Why acceptance rate compounds into everything else

Move acceptance from 25% to 45% on the same list size and your top-of-funnel doubles — without sending any more requests. Reply rates on the follow-up messages also rise, because the accepted population is by definition more interested. And LinkedIn's algorithm penalizes accounts with low acceptance rates, raising the bar to send more requests later.

Acceptance rate is the single highest-leverage metric in LinkedIn outreach. Fix the request copy first; everything downstream gets cheaper. The full diagnostic if yours is stuck is in the acceptance-rate diagnostic playbook.

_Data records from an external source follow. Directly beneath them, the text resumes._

lemma cyc_ordered_iff_strict_mono_on:
  assumes first: "bpos L w 1 = 1" and pos: "\<And>k. k \<in> {1..n} \<Longrightarrow> 1 \<le> bpos L w k"
  shows "cyc_ordered L n w \<longleftrightarrow> strict_mono_on {1..n} (bpos L w)"
proof -
  define D where "D = {k \<in> {1..n}. bpos L w (nxt n k) \<le> bpos L w k}"
  have "D \<subseteq> {n} \<longleftrightarrow> strict_mono_on {1..n} (bpos L w)"
  proof
    assume "D \<subseteq> {n}"
    then show "strict_mono_on {1..n} (bpos L w)"
      by (intro strict_mono_on_atLeastAtMost_SucI) (force simp: D_def nxt_less)
  next
    assume mono: "strict_mono_on {1..n} (bpos L w)"
    show "D \<subseteq> {n}"
    proof
      fix k assume "k \<in> D"
      then have "k \<in> {1..n}" "\<not> k < n"
        using strict_mono_onD[OF mono, of k "Suc k"] by (auto simp: D_def nxt_less)
      then show "k \<in> {n}" by simp
    qed
  qed
  moreover have "card D \<le> 1 \<longleftrightarrow> D \<subseteq> {n}"
  proof
    assume "card D \<le> 1"
    \<comment> \<open>since b_1 = 1, the wrap-around step from n to 1 is always the one allowed descent\<close>
    moreover have "n \<in> D" if "1 \<le> n"
      using that first pos[of n] by (simp add: D_def nxt_self)
    ultimately show "D \<subseteq> {n}"
      by (cases "1 \<le> n") (auto simp: D_def card_le_Suc0_iff_eq)
  qed (auto dest: card_mono[rotated])
  ultimately show ?thesis unfolding cyc_ordered_def D_def by simp
qed

lemma bpos_first_Omega:
  assumes w: "w \<in> Omega L n" and w1: "w 1 = Bullet 1" and n: "1 \<le> n"
  shows "bpos L w 1 = 1"
proof -
  have "{j \<in> {1..L}. w j = Bullet 1} = {bpos L w 1}"
    using Bullet_positions_Omega[OF w, of 1] n by simp
  moreover have "1 \<in> {j \<in> {1..L}. w j = Bullet 1}" using bpos_Omega(1)[OF w, of 1] n w1 by auto
  ultimately show ?thesis by (metis singletonD)
qed

lemma strict_mono_on_bpos:
  assumes w: "w \<in> Omega L n" and w1: "w 1 = Bullet 1" and n: "1 \<le> n"
  shows "strict_mono_on {1..n} (bpos L w)"
proof -
  have "cyc_ordered L n w" using w unfolding Omega_def by blast
  then show ?thesis
    using cyc_ordered_iff_strict_mono_on bpos_first_Omega[OF assms] bpos_Omega(1)[OF w] by auto
qed

lemma bullets_Omega:
  assumes "w \<in> Omega L n"
  shows "bullets L w = bpos L w ` {1..n}"
proof -
  have "k \<in> {1..n}" if "j \<in> {1..L}" "w j = Bullet k" for j k
    using assms that unfolding Omega_def letters_def by (force simp: PiE_iff)
  then show ?thesis
    using Bullet_positions_Omega[OF assms] unfolding bullets_def by blast
qed

lemma Box_Omega:
  assumes "w \<in> Omega L n" "j \<in> {1..L} - bullets L w"
  shows "w j = Box (boxlabel (w j))" "boxlabel (w j) \<in> {1..n}"
proof -
  have "w j \<in> Box ` {1..n}"
    using assms unfolding Omega_def letters_def bullets_def by (auto simp: PiE_iff)
  then show "w j = Box (boxlabel (w j))" "boxlabel (w j) \<in> {1..n}" by auto
qed

text \<open>A virtual bullet n+1 at position L+1 turns every block C_k, including the last one,
  which wraps around to position 1, into the gap between two consecutive positions.\<close>

lemma Cset_Omega:
  assumes w: "w \<in> Omega L n" and w1: "w 1 = Bullet 1" and n: "1 \<le> n"
  defines "e \<equiv> (bpos L w)(Suc n := Suc L)"
  shows "strict_mono_on {1..Suc n} e"
    and "\<And>k. k \<in> {1..n} \<Longrightarrow> Cset L n w k = {e k<..<e (Suc k)}"
proof -
  have mono: "strict_mono_on {1..n} (bpos L w)" by (rule strict_mono_on_bpos[OF w w1 n])
  have pos: "\<And>k. k \<in> {1..n} \<Longrightarrow> bpos L w k \<in> {1..L}" using bpos_Omega(1)[OF w] .
  show "strict_mono_on {1..Suc n} e"
    using strict_mono_onD[OF mono] pos by (auto simp: e_def strict_mono_on_def le_Suc_eq less_Suc_eq_le)
  fix k assume k: "k \<in> {1..n}"
  have first: "bpos L w 1 = 1" by (rule bpos_first_Omega[OF w w1 n])
  show "Cset L n w k = {e k<..<e (Suc k)}"
  proof (cases "k < n")
    case True
    then show ?thesis
      using k pos[of k] pos[of "Suc k"] strict_mono_onD[OF mono, of k "Suc k"]
      by (simp add: Cset_def e_def nxt_less cyc_between_less)
  next
    case False
    then have "k = n" using k by simp
    then show ?thesis
      using k pos[of k] first n by (auto simp: Cset_def e_def nxt_self cyc_between_wrap)
  qed
qed

lemma UN_Cset_Omega:
  assumes w: "w \<in> Omega L n" and w1: "w 1 = Bullet 1" and n: "1 \<le> n"
  shows "(\<Union>k\<in>{1..n}. Cset L n w k) = {1..L} - bullets L w"
    and "disjoint_family_on (Cset L n w) {1..n}"
proof -
  define e where "e = (bpos L w)(Suc n := Suc L)"
  note mono = Cset_Omega(1)[OF w w1 n, folded e_def]
  note gaps = Cset_Omega(2)[OF w w1 n, folded e_def]
  have "e 1 = 1" using bpos_first_Omega[OF w w1 n] n by (simp add: e_def)
  moreover have "e ` {1..n} = bpos L w ` {1..n}" by (auto simp: e_def)
  ultimately show "(\<Union>k\<in>{1..n}. Cset L n w k) = {1..L} - bullets L w"
    using UN_gaps_strict_mono_on[OF mono] gaps bullets_Omega[OF w]
    by (simp add: e_def atLeastLessThanSuc_atLeastAtMost)
  show "disjoint_family_on (Cset L n w) {1..n}"
    using disjoint_family_on_gaps_strict_mono_on[OF mono] gaps
    by (simp add: disjoint_family_on_def)
qed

Frequently asked questions

Frequently Asked Questions

Should I always include a note with a LinkedIn connection request?
No. Send a note only if you can write something defensibly specific in ~200 characters. A bad note hurts acceptance more than no note. Senior connections often accept based on profile, not note.
What is a good LinkedIn connection request acceptance rate?
For cold outreach, 25–35% is average, 40%+ is good, 50%+ is excellent. Targeted-ICP cold lists with specific notes routinely break 45%.
How many connection requests can I safely send per day?
Most accounts safely handle 80–100 new connection requests per day. Past that, LinkedIn rate-limits and eventually flags. Aged accounts handle the upper range better; new accounts should start at 20–40/day and ramp.
Does the connection request limit per week still exist?
Yes — LinkedIn enforces a soft weekly cap (commonly cited around 100–200/week) that varies by account age, history, and acceptance rate. High acceptance rates raise the ceiling; low ones lower it.